— Your objective —
Retype, exactly as they appear below, the lines between the line holding "The two sides" and the line holding "obtain x y where", both ends included.

= Beginning of Section =

(* Let $\mathcal{X}$ be a locally compact, Hausdorff, second-countable single-target state space, and let $X_k$ be the (finite) set of targets at time step $k$. Suppose the set $Z_k$ of measurements at time $k$ is generated as follows: given $X_k$, each target $x\in X_k$ independently generates a finite set $Z\subset\mathbb{R}^{n_z}$ of measurements with multi-object density $f(Z\mid x)$ (an arbitrary density on finite subsets of $\mathbb{R}^{n_z}$), clutter is an independent Poisson point process (PPP) with intensity $\lambda^C(\cdot)$, and $Z_k$ is the union of all target-generated sets and the clutter. Let $Z_k=\{z_k^1,\dots,z_k^{m_k}\}$ and let $Z_k^1,\dots,Z_k^{2^{m_k}-1}$ be the nonempty subsets of $Z_k$. Assume the predicted density $f_{k|k-1}$ of $X_k$ is a Poisson multi-Bernoulli mixture (PMBM): $$f_{k|k-1}(X)=\sum_{Y\uplus W=X} f^{\mathrm{p}}_{k|k-1}(Y)\,f^{\mathrm{mbm}}_{k|k-1}(W),\qquad f^{\mathrm{p}}_{k|k-1}(X)=e^{-\int\lambda_{k|k-1}(x)dx}\prod_{x\in X}\lambda_{k|k-1}(x),$$ $$f^{\mathrm{mbm}}_{k|k-1}(X)=\sum_{a\in\mathcal{A}_{k|k-1}}w^{a}_{k|k-1}\sum_{\uplus_{l=1}^{n_{k|k-1}}X^l=X}\ \prod_{i=1}^{n_{k|k-1}}f^{i,a^i}_{k|k-1}(X^i),$$ where each $f^{i,a^i}_{k|k-1}$ is a Bernoulli density with existence probability $r^{i,a^i}_{k|k-1}$ and single-target density $f^{i,a^i}_{k|k-1}(x)$, each Bernoulli $i\in\{1,\dots,n_{k|k-1}\}$ has local hypotheses $a^i\in\{1,\dots,h^i_{k|k-1}\}$ with local weights $w^{i,a^i}_{k|k-1}$ and associated sets of measurement pairs $\mathcal{M}^{i,a^i}_{k-1}\subseteq\mathcal{M}_{k-1}$, the set $\mathcal{A}_{k|k-1}$ of global hypotheses consists of all tuples $a=(a^1,\dots,a^{n_{k|k-1}})$ with $\bigcup_i\mathcal{M}^{i,a^i}_{k-1}=\mathcal{M}_{k-1}$ and $\mathcal{M}^{i,a^i}_{k-1}\cap\mathcal{M}^{j,a^j}_{k-1}=\emptyset$ for $i\neq j$, and $w^a_{k|k-1}\propto\prod_i w^{i,a^i}_{k|k-1}$ normalised to sum to one over $\mathcal{A}_{k|k-1}$. Then the updated density $f_{k|k}(X)\propto f(Z_k\mid X)f_{k|k-1}(X)$ (the posterior of $X_k$ given $Z_k$) is again a PMBM of the same form (with $k-1$ replaced by $k$ in the measurement-pair sets, global hypotheses $\mathcal{A}_{k|k}$ defined by the same covering/disjointness condition with respect to $\mathcal{M}_k$, and global weights $w^a_{k|k}\propto\prod_i w^{i,a^i}_{k|k}$), with the following parameters. (i) The number of Bernoulli components is $n_{k|k}=n_{k|k-1}+2^{m_k}-1$, and the PPP intensity is $\lambda_{k|k}(x)=f(\emptyset\mid x)\lambda_{k|k-1}(x)$. (ii) For each $i\in\{1,\dots,n_{k|k-1}\}$, $h^i_{k|k}=2^{m_k}h^i_{k|k-1}$. Missed-detection hypotheses $a^i\in\{1,\dots,h^i_{k|k-1}\}$ have $\mathcal{M}^{i,a^i}_k=\mathcal{M}^{i,a^i}_{k-1}$, and with $l^{i,a^i,\emptyset}_{k|k}=\langle f^{i,a^i}_{k|k-1},f(\emptyset\mid\cdot)\rangle$: $$w^{i,a^i}_{k|k}=w^{i,a^i}_{k|k-1}\big[1-r^{i,a^i}_{k|k-1}+r^{i,a^i}_{k|k-1}l^{i,a^i,\emptyset}_{k|k}\big],\quad r^{i,a^i}_{k|k}=\frac{r^{i,a^i}_{k|k-1}l^{i,a^i,\emptyset}_{k|k}}{1-r^{i,a^i}_{k|k-1}+r^{i,a^i}_{k|k-1}l^{i,a^i,\emptyset}_{k|k}},\quad f^{i,a^i}_{k|k}(x)=\frac{f(\emptyset\mid x)f^{i,a^i}_{k|k-1}(x)}{l^{i,a^i,\emptyset}_{k|k}}.$$ For a predicted local hypothesis $\tilde a^i\in\{1,\dots,h^i_{k|k-1}\}$ and $j\in\{1,\dots,2^{m_k}-1\}$, the local hypothesis $a^i=\tilde a^i+h^i_{k|k-1}j$ has $r^{i,a^i}_{k|k}=1$, $\mathcal{M}^{i,a^i}_k=\mathcal{M}^{i,\tilde a^i}_{k-1}\cup\{(k,p):z_k^p\in Z_k^j\}$, and with $l^{i,a^i,Z_k^j}_{k|k}=\langle f^{i,\tilde a^i}_{k|k-1},f(Z_k^j\mid\cdot)\rangle$: $$w^{i,a^i}_{k|k}=w^{i,\tilde a^i}_{k|k-1}r^{i,\tilde a^i}_{k|k-1}l^{i,a^i,Z_k^j}_{k|k},\qquad f^{i,a^i}_{k|k}(x)=\frac{f(Z_k^j\mid x)f^{i,\tilde a^i}_{k|k-1}(x)}{l^{i,a^i,Z_k^j}_{k|k}}.$$ (iii) For each $j\in\{1,\dots,2^{m_k}-1\}$, the new Bernoulli with index $i=n_{k|k-1}+j$ has $h^i_{k|k}=2$ local hypotheses: one with $\mathcal{M}^{i,1}_k=\emptyset$, $w^{i,1}_{k|k}=1$, $r^{i,1}_{k|k}=0$; and one with $\mathcal{M}^{i,2}_k=\{(k,p):z_k^p\in Z_k^j\}$ and, with $l^{Z_k^j}_{k|k}=\langle\lambda_{k|k-1},f(Z_k^j\mid\cdot)\rangle$, $$w^{i,2}_{k|k}=\delta_1\big[|Z_k^j|\big]\prod_{z\in Z_k^j}\lambda^C(z)+l^{Z_k^j}_{k|k},\qquad r^{i,2}_{k|k}=\frac{l^{Z_k^j}_{k|k}}{w^{i,2}_{k|k}},\qquad f^{i,2}_{k|k}(x)=\frac{f(Z_k^j\mid x)\lambda_{k|k-1}(x)}{l^{Z_k^j}_{k|k}}.$$
   Context: For finite sets, $\uplus$ denotes disjoint union, and sums of the form $\sum_{Y\uplus W=X}$ (resp. $\sum_{\uplus_l X^l=X}$) range over all ordered decompositions of the fixed set $X$ into mutually disjoint, possibly empty, subsets. A Bernoulli density with existence probability $r$ and single-target density $p$ is $f(\emptyset)=1-r$, $f(\{x\})=rp(x)$, and $f(X)=0$ if $|X|>1$. Measurement $z_t^j$ (the $j$-th measurement at time $t$) is referred to by the pair $(t,j)$, and $\mathcal{M}_t$ denotes the set of all such pairs up to and including time $t$. $\langle a,b\rangle=\int a(x)b(x)\,dx$ for real functions on the target space. $\delta_1[u]=1$ if $u=1$ and $0$ otherwise. *)

theory Defs
  imports "HOL-Analysis.Analysis" "HOL-Library.FuncSet"
begin

definition meas_pairs :: "(nat \<Rightarrow> nat) \<Rightarrow> nat \<Rightarrow> (nat \<times> nat) set" where
  "meas_pairs mc T = {(t, j). 1 \<le> t \<and> t \<le> T \<and> 1 \<le> j \<and> j \<le> mc t}"

definition bern_dens :: "real \<Rightarrow> ('x \<Rightarrow> real) \<Rightarrow> 'x set \<Rightarrow> real" where
  "bern_dens r p X = (if X = {} then 1 - r else if card X = 1 then r * p (the_elem X) else 0)"

definition ppp_dens :: "'x measure \<Rightarrow> ('x \<Rightarrow> real) \<Rightarrow> 'x set \<Rightarrow> real" where
  "ppp_dens mu lam X = exp (- (\<integral>x. lam x \<partial>mu)) * (\<Prod>x\<in>X. lam x)"

definition decomps :: "nat \<Rightarrow> 'x set \<Rightarrow> (nat \<Rightarrow> 'x set) set" where
  "decomps n X = {Xs \<in> Pi\<^sub>E {1..n} (\<lambda>_. Pow X).
      (\<Union>i\<in>{1..n}. Xs i) = X \<and> (\<forall>i\<in>{1..n}. \<forall>j\<in>{1..n}. i \<noteq> j \<longrightarrow> Xs i \<inter> Xs j = {})}"

definition glob_hyps :: "nat \<Rightarrow> (nat \<Rightarrow> nat) \<Rightarrow> (nat \<Rightarrow> nat \<Rightarrow> (nat \<times> nat) set)
     \<Rightarrow> (nat \<times> nat) set \<Rightarrow> (nat \<Rightarrow> nat) set" where
  "glob_hyps n h M Mall = {a \<in> Pi\<^sub>E {1..n} (\<lambda>i. {1..h i}).
      (\<Union>i\<in>{1..n}. M i (a i)) = Mall \<and>
      (\<forall>i\<in>{1..n}. \<forall>j\<in>{1..n}. i \<noteq> j \<longrightarrow> M i (a i) \<inter> M j (a j) = {})}"

definition mbm_dens :: "nat \<Rightarrow> (nat \<Rightarrow> nat) \<Rightarrow> (nat \<Rightarrow> nat \<Rightarrow> real) \<Rightarrow> (nat \<Rightarrow> nat \<Rightarrow> real)
     \<Rightarrow> (nat \<Rightarrow> nat \<Rightarrow> 'x \<Rightarrow> real) \<Rightarrow> (nat \<Rightarrow> nat \<Rightarrow> (nat \<times> nat) set) \<Rightarrow> (nat \<times> nat) set
     \<Rightarrow> 'x set \<Rightarrow> real" where
  "mbm_dens n h w r f M Mall X =
     (\<Sum>a\<in>glob_hyps n h M Mall.
        ((\<Prod>i\<in>{1..n}. w i (a i)) / (\<Sum>a'\<in>glob_hyps n h M Mall. \<Prod>i\<in>{1..n}. w i (a' i))) *
        (\<Sum>Xs\<in>decomps n X. \<Prod>i\<in>{1..n}. bern_dens (r i (a i)) (f i (a i)) (Xs i)))"

definition pmbm_dens :: "'x measure \<Rightarrow> ('x \<Rightarrow> real) \<Rightarrow> nat \<Rightarrow> (nat \<Rightarrow> nat) \<Rightarrow> (nat \<Rightarrow> nat \<Rightarrow> real)
     \<Rightarrow> (nat \<Rightarrow> nat \<Rightarrow> real) \<Rightarrow> (nat \<Rightarrow> nat \<Rightarrow> 'x \<Rightarrow> real) \<Rightarrow> (nat \<Rightarrow> nat \<Rightarrow> (nat \<times> nat) set)
     \<Rightarrow> (nat \<times> nat) set \<Rightarrow> 'x set \<Rightarrow> real" where
  "pmbm_dens mu lam n h w r f M Mall X =
     (\<Sum>Y\<in>Pow X. ppp_dens mu lam Y * mbm_dens n h w r f M Mall (X - Y))"

text \<open>Measurement likelihood f(Z|X): Z is the disjoint union of the sets Z^x (x \<in> X),
  generated independently with densities g(Z^x|x), and of PPP clutter Z^C with
  intensity lamC (w.r.t. Lebesgue measure); density of a union of independent RFSs.\<close>
definition meas_lik :: "('z::euclidean_space \<Rightarrow> real) \<Rightarrow> ('z set \<Rightarrow> 'x \<Rightarrow> real) \<Rightarrow> 'z set \<Rightarrow> 'x set \<Rightarrow> real" where
  "meas_lik lamC g Z X =
     (\<Sum>Zs\<in>{Zs \<in> Pi\<^sub>E X (\<lambda>_. Pow Z). \<forall>x\<in>X. \<forall>y\<in>X. x \<noteq> y \<longrightarrow> Zs x \<inter> Zs y = {}}.
        exp (- (\<integral>z. lamC z \<partial>lborel)) * (\<Prod>z\<in>Z - (\<Union>x\<in>X. Zs x). lamC z) *
        (\<Prod>x\<in>X. g (Zs x) x))"

end

theory Submission
  imports Defs
begin

text \<open>
  Both sides are expanded into finite sums of products. A term on the left is indexed by the set
  \<open>Y\<close> of targets drawn from the Poisson part, a predicted global hypothesis \<open>a\<close>, an assignment
  \<open>Xs\<close> of the other targets to the Bernoulli components and an association \<open>Zs\<close> of pairwise
  disjoint measurement sets to the targets; the measurements associated with no target are clutter.
  A term on the right is indexed by the set \<open>Y'\<close> of undetected Poisson targets, an updated global
  hypothesis \<open>a'\<close> and an assignment \<open>Xs'\<close>.

  Terms in which a Bernoulli component holds two targets vanish, and so do posterior terms whose local
  hypotheses contradict the assignment. The remaining terms correspond bijectively and with equal
  values: a detected Poisson target moves to the new Bernoulli indexed by its measurement set; a
  single clutter measurement \<open>z\<close> is explained by the new Bernoulli indexed by \<open>{z}\<close>, empty but
  in its second local hypothesis; and local hypothesis \<open>b\<close> of a previous Bernoulli \<open>i\<close> becomes
  \<open>b + h i * j\<close>, where \<open>Z\<^sup>j\<close> is the measurement set of its target (\<open>Z\<^sup>0 = {}\<close>). The two sides
  therefore differ by the ratio of their normalising constants, which is positive.
\<close>

section \<open>Bernoulli densities\<close>

definition subsingleton :: "'a set \<Rightarrow> bool" where
  "subsingleton T \<longleftrightarrow> (\<forall>x\<in>T. \<forall>y\<in>T. x = y)"

lemma subsingleton_cases:
  assumes "subsingleton T"
  obtains "T = {}" | x where "T = {x}"
  using assms unfolding subsingleton_def by blast

lemma bern_dens_empty [simp]: "bern_dens r p {} = 1 - r"
  by (simp add: bern_dens_def)

lemma bern_dens_singleton [simp]: "bern_dens r p {x} = r * p x"
  by (simp add: bern_dens_def)

lemma bern_dens_0: "T \<noteq> {} \<Longrightarrow> bern_dens 0 p T = 0"
  by (simp add: bern_dens_def)

lemma bern_dens_not_subsingleton:
  assumes "finite T" and "\<not> subsingleton T"
  shows "bern_dens r p T = 0"
proof -
  obtain x y where "x \<in> T" "y \<in> T" "x \<noteq> y"
    using assms(2) unfolding subsingleton_def by blast
  then have "T \<noteq> {}" and "card T \<noteq> 1"
    by (auto simp: card_1_singleton_iff)
  then show ?thesis by (simp add: bern_dens_def)
qed

lemma bern_dens_missed_detection_update:
  fixes l r :: real
  assumes "0 < l" and "0 \<le> r" and "r \<le> 1"
  defines "d \<equiv> 1 - r + r * l"
  shows "0 < d"
    and "d * bern_dens (r * l / d) (\<lambda>x. q x * p x / l) {} = bern_dens r p {}"
    and "d * bern_dens (r * l / d) (\<lambda>x. q x * p x / l) {x} = bern_dens r p {x} * q x"
proof -
  show d: "0 < d"
  proof (cases "r = 1")
    case False
    then show ?thesis using assms by (simp add: d_def add_pos_nonneg)
  qed (use assms in \<open>simp add: d_def\<close>)
  have "d * (1 - r * l / d) = d - r * l"
    using d by (simp add: field_simps)
  then show "d * bern_dens (r * l / d) (\<lambda>x. q x * p x / l) {} = bern_dens r p {}"
    by (simp add: d_def)
  show "d * bern_dens (r * l / d) (\<lambda>x. q x * p x / l) {x} = bern_dens r p {x} * q x"
    using d \<open>0 < l\<close> by (simp add: field_simps)
qed

lemma bern_dens_detection_update:
  fixes l :: real
  assumes "0 < l"
  shows "r * l * bern_dens 1 (\<lambda>x. q x * p x / l) {x} = bern_dens r p {x} * q x"
  using assms by simp

lemma bern_dens_birth_update:
  fixes c l :: real
  assumes "0 < l" and "0 \<le> c"
  shows "(c + l) * bern_dens (l / (c + l)) (\<lambda>x. q x * p x / l) {} = c"
    and "(c + l) * bern_dens (l / (c + l)) (\<lambda>x. q x * p x / l) {y} = q y * p y"
proof -
  have "0 < c + l" using assms by simp
  show "(c + l) * bern_dens (l / (c + l)) (\<lambda>x. q x * p x / l) {} = c"
    using \<open>0 < c + l\<close> by (simp add: field_simps)
  show "(c + l) * bern_dens (l / (c + l)) (\<lambda>x. q x * p x / l) {y} = q y * p y"
    using \<open>0 < c + l\<close> assms(1) by (simp add: mult.assoc[symmetric])
qed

= End of Section =

— Answer space —
  \<open>b + h i * j\<close>, where \<open>Z\<^sup>j\<close> is the measurement set of its target (\<open>Z\<^sup>0 = {}\<close>). The two sides
  therefore differ by the ratio of their normalising constants, which is positive.
\<close>

section \<open>Bernoulli densities\<close>

definition subsingleton :: "'a set \<Rightarrow> bool" where
  "subsingleton T \<longleftrightarrow> (\<forall>x\<in>T. \<forall>y\<in>T. x = y)"

lemma subsingleton_cases:
  assumes "subsingleton T"
  obtains "T = {}" | x where "T = {x}"
  using assms unfolding subsingleton_def by blast

lemma bern_dens_empty [simp]: "bern_dens r p {} = 1 - r"
  by (simp add: bern_dens_def)

lemma bern_dens_singleton [simp]: "bern_dens r p {x} = r * p x"
  by (simp add: bern_dens_def)

lemma bern_dens_0: "T \<noteq> {} \<Longrightarrow> bern_dens 0 p T = 0"
  by (simp add: bern_dens_def)

lemma bern_dens_not_subsingleton:
  assumes "finite T" and "\<not> subsingleton T"
  shows "bern_dens r p T = 0"
proof -
  obtain x y where "x \<in> T" "y \<in> T" "x \<noteq> y"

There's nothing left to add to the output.